There could have been a good case not to include it back in 2007, but once it has been included, excluding it would break stuff.

BlueTemplar · on Sept 19, 2022

And updating it rather than adding a new, correct one, might make the current uses confusing ?

Speaking of which, do we have any similar hexagonal symbol ?

reaperducer · on Sept 19, 2022

One historical use in the 1400s doesn't merit a character and never did

One known and surviving use. It is possible that it exists in other places, since the vast majority of the planet's written work has not been digitized. It may also have been used other places that have not survived.

Just because it's not important to you does not mean it is not important.

The fact that is survived for 600 years makes it interesting and worth saving. It is infinitely unlikely that anything you do, write, or say will last that long.

koboll · on Sept 19, 2022

Sure it's possible, but there should be a higher bar than "it's possible it's used more than once" for meriting inclusion in the standard keyboard of billions of devices worldwide.

tsimionescu · on Sept 19, 2022

The thing is, looking at the page, there are many other characters that were not added - the large red С-looking characters, for example. But for some "bizarre" reason, those were not included in Unicode...

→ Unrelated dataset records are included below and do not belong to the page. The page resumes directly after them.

(* Let $\lambda>0$ and $\mu=\nu>0$, and equip $S^3$ with the generalised Berger metric $g$ described in the context. For $\theta\in(0,\pi/2)$ let $T^2_\theta\subset S^3$ be the torus $\{(\cos\theta\, e^{i\alpha},\sin\theta\, e^{i\beta}):\alpha,\beta\in\mathbb R\}$, and let $H_g$ be its mean curvature vector in $(S^3,g)$. Then for every real number $C\ge 0$ there exists $\theta\in(0,\pi/2)$ such that the mean curvature of $T^2_\theta$ is constant with $\|H_g\|\equiv C$. For $C=0$ such a torus in this family is unique, and for $C>0$ there exist exactly two such tori in this family.
   Context: $S^3=\{(z,w)\in\mathbb C^2: |z|^2+|w|^2=1\}$ is a Lie group with multiplication $(z_1,w_1)\cdot(z_2,w_2)=(z_1z_2-\bar w_1w_2,\ \bar z_1w_2+w_1z_2)$ and inverse $(z,w)^{-1}=(\bar z,-w)$; the same formula defines $p\cdot v$ for $v\in\mathbb C^2$. Let $\langle (z_1,w_1),(z_2,w_2)\rangle=\mathrm{Re}(z_1\bar z_2+w_1\bar w_2)$. For $\lambda,\mu,\nu>0$ the left-invariant Riemannian metric $g$ is $g_p(A,B)=\lambda^2\langle p^{-1}A,(i,0)\rangle\langle p^{-1}B,(i,0)\rangle+\mu^2\langle p^{-1}A,(0,-1)\rangle\langle p^{-1}B,(0,-1)\rangle+\nu^2\langle p^{-1}A,(0,i)\rangle\langle p^{-1}B,(0,i)\rangle+\langle p^{-1}A,(1,0)\rangle\langle p^{-1}B,(1,0)\rangle$ for $A,B\in T_pS^3$. For a surface $T$ in $(S^3,g)$ with $g$-orthonormal tangent basis $V_1,V_2$ at $p$, the mean curvature vector is $H_g=\tfrac12(B(V_1,V_1)+B(V_2,V_2))$, where $B$ is the second fundamental form (normal component of the covariant derivative), and $\|H_g\|=\sqrt{g(H_g,H_g)}$. *)

theory Defs
  imports "HOL-Analysis.Analysis"
begin

type_synonym quat = "complex \<times> complex"

definition qmul :: "quat \<Rightarrow> quat \<Rightarrow> quat" where
  "qmul p q = (fst p * fst q - cnj (snd p) * snd q, cnj (fst p) * snd q + snd p * fst q)"

definition qinv :: "quat \<Rightarrow> quat" where
  "qinv p = (cnj (fst p), - snd p)"

definition qinner :: "quat \<Rightarrow> quat \<Rightarrow> real" where
  "qinner a b = Re (fst a * cnj (fst b) + snd a * cnj (snd b))"

definition S3 :: "quat set" where
  "S3 = {(z, w). (cmod z)^2 + (cmod w)^2 = 1}"

definition berger_metric :: "real \<Rightarrow> real \<Rightarrow> real \<Rightarrow> quat \<Rightarrow> quat \<Rightarrow> quat \<Rightarrow> real" where
  "berger_metric la mu nu p A B =
      la^2 * qinner (qmul (qinv p) A) (\<i>, 0) * qinner (qmul (qinv p) B) (\<i>, 0)
    + mu^2 * qinner (qmul (qinv p) A) (0, -1) * qinner (qmul (qinv p) B) (0, -1)
    + nu^2 * qinner (qmul (qinv p) A) (0, \<i>) * qinner (qmul (qinv p) B) (0, \<i>)
    + qinner (qmul (qinv p) A) (1, 0) * qinner (qmul (qinv p) B) (1, 0)"

definition pd :: "(real^'n \<Rightarrow> 'b::real_normed_vector) \<Rightarrow> real^'n \<Rightarrow> 'n \<Rightarrow> 'b" where
  "pd f x k = vector_derivative (\<lambda>s. f (x + s *\<^sub>R axis k 1)) (at 0)"

definition gcoord :: "(quat \<Rightarrow> quat \<Rightarrow> quat \<Rightarrow> real) \<Rightarrow> (real^3 \<Rightarrow> quat) \<Rightarrow> real^3 \<Rightarrow> 3 \<Rightarrow> 3 \<Rightarrow> real" where
  "gcoord G phi x i j = G (phi x) (pd phi x i) (pd phi x j)"

definition gmat :: "(quat \<Rightarrow> quat \<Rightarrow> quat \<Rightarrow> real) \<Rightarrow> (real^3 \<Rightarrow> quat) \<Rightarrow> real^3 \<Rightarrow> real^3^3" where
  "gmat G phi x = (\<chi> i j. gcoord G phi x i j)"

definition christoffel :: "(quat \<Rightarrow> quat \<Rightarrow> quat \<Rightarrow> real) \<Rightarrow> (real^3 \<Rightarrow> quat) \<Rightarrow> real^3 \<Rightarrow> 3 \<Rightarrow> 3 \<Rightarrow> 3 \<Rightarrow> real" where
  "christoffel G phi x k i j = 1/2 * (\<Sum>l\<in>UNIV. matrix_inv (gmat G phi x) $ k $ l *
      (pd (\<lambda>y. gcoord G phi y j l) x i + pd (\<lambda>y. gcoord G phi y i l) x j
       - pd (\<lambda>y. gcoord G phi y i j) x l))"

definition push :: "(real^3 \<Rightarrow> quat) \<Rightarrow> real^3 \<Rightarrow> real^3 \<Rightarrow> quat" where
  "push phi x v = (\<Sum>k\<in>UNIV. (v $ k) *\<^sub>R pd phi x k)"

text \<open>A surface is given in chart coordinates by sg : R^2 -> R^3.  Its coordinate
  tangent fields at parameter y, pushed to C^2.\<close>
definition sframe :: "(real^3 \<Rightarrow> quat) \<Rightarrow> (real^2 \<Rightarrow> real^3) \<Rightarrow> real^2 \<Rightarrow> 2 \<Rightarrow> quat" where
  "sframe phi sg y a = push phi (sg y) (pd sg y a)"

definition covd :: "(quat \<Rightarrow> quat \<Rightarrow> quat \<Rightarrow> real) \<Rightarrow> (real^3 \<Rightarrow> quat) \<Rightarrow> (real^2 \<Rightarrow> real^3) \<Rightarrow> real^2 \<Rightarrow> 2 \<Rightarrow> 2 \<Rightarrow> real^3" where
  "covd G phi sg y a b = (\<chi> k. pd (\<lambda>z. pd sg z b) y a $ k
      + (\<Sum>i\<in>UNIV. \<Sum>j\<in>UNIV. christoffel G phi (sg y) k i j * (pd sg y a $ i) * (pd sg y b $ j)))"

definition normal_part :: "(quat \<Rightarrow> quat \<Rightarrow> quat \<Rightarrow> real) \<Rightarrow> quat \<Rightarrow> (2 \<Rightarrow> quat) \<Rightarrow> quat \<Rightarrow> quat" where
  "normal_part G p E Y = (THE N. (\<forall>a. G p N (E a) = 0) \<and> (\<exists>c::real^2. Y - N = (\<Sum>a\<in>UNIV. (c $ a) *\<^sub>R E a)))"

definition sff :: "(quat \<Rightarrow> quat \<Rightarrow> quat \<Rightarrow> real) \<Rightarrow> (real^3 \<Rightarrow> quat) \<Rightarrow> (real^2 \<Rightarrow> real^3) \<Rightarrow> real^2 \<Rightarrow> 2 \<Rightarrow> 2 \<Rightarrow> quat" where
  "sff G phi sg y a b = normal_part G (phi (sg y)) (sframe phi sg y)
      (push phi (sg y) (covd G phi sg y a b))"

text \<open>Mean curvature vector H = 1/2 (B(V1,V1) + B(V2,V2)) for tangent vectors
  V1 = sum c_a e_a, V2 = sum d_a e_a (B extended bilinearly).\<close>
definition mean_curv :: "(quat \<Rightarrow> quat \<Rightarrow> quat \<Rightarrow> real) \<Rightarrow> (real^3 \<Rightarrow> quat) \<Rightarrow> (real^2 \<Rightarrow> real^3) \<Rightarrow> real^2 \<Rightarrow> real^2 \<Rightarrow> real^2 \<Rightarrow> quat" where
  "mean_curv G phi sg y c d = (1/2) *\<^sub>R (\<Sum>a\<in>UNIV. \<Sum>b\<in>UNIV.
      (c $ a * c $ b + d $ a * d $ b) *\<^sub>R sff G phi sg y a b)"

definition const_mean_curv_norm :: "(quat \<Rightarrow> quat \<Rightarrow> quat \<Rightarrow> real) \<Rightarrow> (real^3 \<Rightarrow> quat) \<Rightarrow> (real^2 \<Rightarrow> real^3) \<Rightarrow> real \<Rightarrow> bool" where
  "const_mean_curv_norm G phi sg C \<longleftrightarrow>
    (\<forall>y c d. let p = phi (sg y);
                 V1 = (\<Sum>a\<in>UNIV. (c $ a) *\<^sub>R sframe phi sg y a);
                 V2 = (\<Sum>a\<in>UNIV. (d $ a) *\<^sub>R sframe phi sg y a)
             in G p V1 V1 = 1 \<and> G p V2 V2 = 1 \<and> G p V1 V2 = 0 \<longrightarrow>
                sqrt (G p (mean_curv G phi sg y c d) (mean_curv G phi sg y c d)) = C)"

text \<open>Chart (t, alpha, beta) |-> (cos t e^{i alpha}, sin t e^{i beta}) of S^3, a local
  diffeomorphism on (0, pi/2) x R x R.\<close>
definition hopf_chart :: "real^3 \<Rightarrow> quat" where
  "hopf_chart x = (complex_of_real (cos (x $ 1)) * cis (x $ 2), complex_of_real (sin (x $ 1)) * cis (x $ 3))"

definition torus_param :: "real \<Rightarrow> real^2 \<Rightarrow> real^3" where
  "torus_param theta y = vector [theta, y $ 1, y $ 2]"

Of course, the simple answer is that Unicode actually includes any character that someone cares enough to ask to be added, with rare exceptions.

bhaney · on Sept 19, 2022

> It is infinitely unlikely that anything you do, write, or say will last that long

Ouch

bawolff · on Sept 19, 2022

There are characters in unicode with 0 usages that we dont even know where they came from. E.g. 彁

lifthrasiir · on Sept 19, 2022

While the origin of 彁 will never be certain, there is a good chance that it came from a misinterpretation of 彊 [1]. Why is this not an accepted theory though? Because it is still possible that 彁 did appear in some reference source from the standardization, and neither that source or a source where 彊 does look like 彁 was found.

[1] http://www.asahi.com/special/kotoba/archive2015/moji/2011082...

runarberg · on Sept 19, 2022

idk. when the word Planet was redefined such that Pluto was no longer a planet, it kind of ruined the word Planet. It suddenly wasn’t nearly as useful as a word as it used to (even though now it has a precise meaning). For most people that use the word, it won’t matter (and is actually rather exciting) that they keep discovering new planets in our solar system.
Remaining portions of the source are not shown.